What you are asked to do: State how many lines in the entries below contain "noteq". Write nothing but the number.

Record extracts:
·····
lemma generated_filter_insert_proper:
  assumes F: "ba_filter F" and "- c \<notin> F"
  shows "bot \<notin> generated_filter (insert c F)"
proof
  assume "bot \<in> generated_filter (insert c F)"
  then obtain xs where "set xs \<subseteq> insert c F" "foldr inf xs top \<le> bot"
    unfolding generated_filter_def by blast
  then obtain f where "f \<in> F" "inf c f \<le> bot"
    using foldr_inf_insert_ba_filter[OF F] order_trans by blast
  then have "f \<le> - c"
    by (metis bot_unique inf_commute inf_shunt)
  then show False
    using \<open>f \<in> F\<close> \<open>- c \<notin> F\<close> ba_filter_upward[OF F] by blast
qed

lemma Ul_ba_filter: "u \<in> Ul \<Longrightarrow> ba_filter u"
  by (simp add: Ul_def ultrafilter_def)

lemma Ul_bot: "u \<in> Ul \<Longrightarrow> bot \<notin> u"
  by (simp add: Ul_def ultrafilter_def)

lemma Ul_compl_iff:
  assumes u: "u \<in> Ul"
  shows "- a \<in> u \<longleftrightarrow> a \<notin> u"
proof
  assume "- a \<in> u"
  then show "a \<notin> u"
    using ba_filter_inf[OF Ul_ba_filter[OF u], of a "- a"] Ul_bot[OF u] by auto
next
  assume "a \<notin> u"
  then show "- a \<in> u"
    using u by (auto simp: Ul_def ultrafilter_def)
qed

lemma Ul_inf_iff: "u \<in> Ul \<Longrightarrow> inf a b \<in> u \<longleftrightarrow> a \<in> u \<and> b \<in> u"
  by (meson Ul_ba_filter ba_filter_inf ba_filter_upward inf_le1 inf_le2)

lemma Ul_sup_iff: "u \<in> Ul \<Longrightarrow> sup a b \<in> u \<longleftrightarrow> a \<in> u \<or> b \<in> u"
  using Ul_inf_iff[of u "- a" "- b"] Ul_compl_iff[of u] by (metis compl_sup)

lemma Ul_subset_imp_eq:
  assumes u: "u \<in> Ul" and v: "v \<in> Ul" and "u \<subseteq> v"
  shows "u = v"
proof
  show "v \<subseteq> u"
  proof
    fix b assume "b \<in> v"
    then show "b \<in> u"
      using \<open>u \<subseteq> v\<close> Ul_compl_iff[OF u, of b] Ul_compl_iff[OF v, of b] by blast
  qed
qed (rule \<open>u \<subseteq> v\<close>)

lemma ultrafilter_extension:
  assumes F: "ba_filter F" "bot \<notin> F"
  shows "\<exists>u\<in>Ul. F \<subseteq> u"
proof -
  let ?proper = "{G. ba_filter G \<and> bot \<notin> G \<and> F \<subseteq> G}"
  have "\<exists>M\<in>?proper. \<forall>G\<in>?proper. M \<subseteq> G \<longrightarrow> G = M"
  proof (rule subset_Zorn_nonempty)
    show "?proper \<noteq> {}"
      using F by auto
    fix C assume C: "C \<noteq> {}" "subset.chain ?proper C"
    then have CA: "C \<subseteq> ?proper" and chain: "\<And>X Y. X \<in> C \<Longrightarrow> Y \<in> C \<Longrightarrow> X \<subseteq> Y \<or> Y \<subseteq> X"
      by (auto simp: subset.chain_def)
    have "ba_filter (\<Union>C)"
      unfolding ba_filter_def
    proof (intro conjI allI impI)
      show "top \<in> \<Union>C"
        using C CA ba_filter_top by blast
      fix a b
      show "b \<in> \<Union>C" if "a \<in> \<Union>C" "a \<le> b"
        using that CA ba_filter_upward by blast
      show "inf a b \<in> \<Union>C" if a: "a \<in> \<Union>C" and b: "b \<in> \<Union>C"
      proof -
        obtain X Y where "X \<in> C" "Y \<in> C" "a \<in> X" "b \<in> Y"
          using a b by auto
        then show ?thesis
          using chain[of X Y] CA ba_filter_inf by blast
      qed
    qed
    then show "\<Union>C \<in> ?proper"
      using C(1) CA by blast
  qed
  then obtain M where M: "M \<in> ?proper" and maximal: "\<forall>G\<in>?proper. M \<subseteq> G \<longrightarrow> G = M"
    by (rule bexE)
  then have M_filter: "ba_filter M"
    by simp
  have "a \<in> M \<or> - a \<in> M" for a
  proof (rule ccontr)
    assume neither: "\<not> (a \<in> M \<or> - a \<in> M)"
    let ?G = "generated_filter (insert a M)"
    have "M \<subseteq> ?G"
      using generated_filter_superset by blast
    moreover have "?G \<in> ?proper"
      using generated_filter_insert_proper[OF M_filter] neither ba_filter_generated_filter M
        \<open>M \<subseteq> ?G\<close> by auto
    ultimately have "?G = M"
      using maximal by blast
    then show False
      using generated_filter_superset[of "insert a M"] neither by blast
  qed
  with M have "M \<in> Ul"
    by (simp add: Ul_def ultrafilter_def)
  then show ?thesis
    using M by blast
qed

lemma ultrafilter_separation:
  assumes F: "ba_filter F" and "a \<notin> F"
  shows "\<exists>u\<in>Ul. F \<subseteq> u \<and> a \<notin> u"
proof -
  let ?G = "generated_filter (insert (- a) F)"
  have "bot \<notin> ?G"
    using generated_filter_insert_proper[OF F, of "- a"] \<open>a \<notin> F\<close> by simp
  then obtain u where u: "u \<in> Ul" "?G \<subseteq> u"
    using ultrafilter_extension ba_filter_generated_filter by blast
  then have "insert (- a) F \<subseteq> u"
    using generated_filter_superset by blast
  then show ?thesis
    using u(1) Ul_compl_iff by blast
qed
·····
Exercise output: 2